The company must now get approval from the U.S. Food and Drug Administration to go forward with testing Immupath on 400 people with AIDS. The FDA has put the approval on hold pending additional studies of the product’s safety.

Michael Dwiggins, 45, is among the HIV-positive volunteers who took part in the earlier study. His condition was diagnosed in 1990 and he was probably infected several years before. The HemaCare plasma transfusions are lengthy and uncomfortable, but “you feel quite energized afterward,” he said. Since beginning the therapy, he said, his condition has remained fairly stable.

At least two other limited studies on passive hyperimmune therapy have recorded some similar effects, although one study of advanced AIDS patients in New York recorded no great benefit.

Despite some promising results, skepticism has long dogged HemaCare’s efforts. After all, AIDS has preoccupied the world’s best scientists and biggest medical-research companies for years, and HemaCare seems an obscure and unlikely contender. Moreover, Wall Street is less than enthused with HemaCare’s recent studies. The price of HemaCare’s stock has declined more than 40% since March of this year, and closed Monday at $3.50 per share.

Although HemaCare’s approach is reasonable, antibodies are just one element of the immune system’s response to infection, said Dr. Daniel Kuritzkes, assistant professor of medicine at the University of Colorado Health Sciences Center in Denver. Many scientists think they may be among the least effective of those mechanisms, he said. Other treatments, such as hormones that stimulate the immune system and gene therapies, show more promise and may prove more economical, he said.

Critics are even more doubtful about whether wide-scale treatment of AIDS using passive hyperimmune therapy is feasible.
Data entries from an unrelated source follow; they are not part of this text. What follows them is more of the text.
section \<open>Counting subgroups of abelian 2-groups\<close>

lemma card_subgroups_containing_le_gbinom2:
  fixes G (structure)
  assumes "comm_group G" "card (carrier G) = 2 ^ m" "subgroup P G" "card P = 2 ^ p"
  shows "card (subgroups_containing G P (2 ^ j)) \<le> gbinom2 (m - p) (j - p)"
  using assms
proof (induction m arbitrary: G P j rule: less_induct)
  case (less m)
  interpret comm_group G by fact
  have fin: "finite (carrier G)" using less.prems(2) card_ge_0_finite by force
  consider "j \<le> p" | "m < j" | "p < j" "j \<le> m" by linarith
  then show ?case
  proof cases
    case 1
    have "subgroups_containing G P (2 ^ j) \<subseteq> {P}"
      by (rule subgroups_containing_subset_singleton[OF fin]) (use 1 less.prems(4) in simp)
    then show ?thesis using 1 card_mono[of "{P}"] by simp
  next
    case 2
    then show ?thesis using subgroups_containing_eq_empty[OF fin] less.prems(2) by simp
  next
    case 3
    then obtain j' where j': "j = Suc j'" "p \<le> j'" by (cases j) auto
    have "P \<noteq> carrier G" using less.prems(2,4) 3 by auto
    then obtain M where M: "subgroup M G" "P \<subseteq> M" "2 * card M = card (carrier G)"
      using ex_index_two_subgroup[OF less.prems(2,3)] by blast
    interpret index_two G M
      by (intro index_two.intro is_group index_two_axioms.intro) (use fin M in auto)
    let ?GM = "G\<lparr>carrier := M\<rparr>"
    have GM: "comm_group ?GM" "card (carrier ?GM) = 2 ^ (m - 1)" "subgroup P ?GM"
      using comm_group_subgroup[OF M(1)] card_M_pow2[OF less.prems(2)]
        subgroup_of_subgroup_iff[OF M(1)] less.prems(3) M(2) by auto
    have IH: "card (subgroups_containing ?GM P (2 ^ i)) \<le> gbinom2 (m - 1 - p) (i - p)" for i
      using less.IH[OF _ GM less.prems(4)] card_M_pow2(2)[OF less.prems(2)] by simp
    have "card (subgroups_containing G P (2 ^ j))
        \<le> card (subgroups_containing ?GM P (2 ^ j)) + 2 ^ (m - j) * card (subgroups_containing ?GM P (2 ^ j'))"
      using card_subgroups_containing_Suc_le[OF less.prems(2) M(2)] 3 j' by simp
    also have "\<dots> \<le> gbinom2 (m - 1 - p) (j - p) + 2 ^ (m - j) * gbinom2 (m - 1 - p) (j' - p)"
      using IH[of j] IH[of j'] by (intro add_mono mult_le_mono2)
    also have "\<dots> = gbinom2 (m - p) (j - p)" using gbinom2_diff_Suc[of p j' m] 3 j' by simp
    finally show ?thesis .
  qed
qed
For Immupath to work, HemaCare must have a constant stream of HIV-positive plasma donors who are willing to give plasma every few weeks.

Dr. Michael Roth, a Beverly Hills physician who treats AIDS patients with the still-experimental passive hyperimmune therapy, said the treatment appears to be beneficial but organizing a steady parade of donors for his practice is “cumbersome and time-consuming.” Donors drop out, even when they are paid, and replacements must be recruited. “This will never be a large-scale treatment. . . . You can’t mass-produce it like a pill,” Roth said.

Financial analysts also doubt that this treatment will ever be a big moneymaker for HemaCare, even if it is effective. “The issue is not, will it work? It is, will it be practical?” said Joyce Lonergan, a biotechnology analyst with Cowen & Co. in New York.

HemaCare’s Lieberman countered that organizing a national system of donor centers is exactly the sort of thing HemaCare--a blood and plasma company--does best.

“This drug will be expensive but so is getting sick,” Lieberman said, adding that the treatment could cost about $1,000 per month per patient. “What we are doing is cumbersome and expensive. . . . But there isn’t anything else.”

The company is also considering testing a related product called intravenous immune gamma globulin--in essence, a distillation of antibodies derived from human plasma. HemaCare is building a production plant in Valencia to mass-produce treated whole plasma as well as the more concentrated immune gamma globulin.

But, of course, for all this to happen HemaCare needs more money and encouraging results both in the lab and on Wall Street.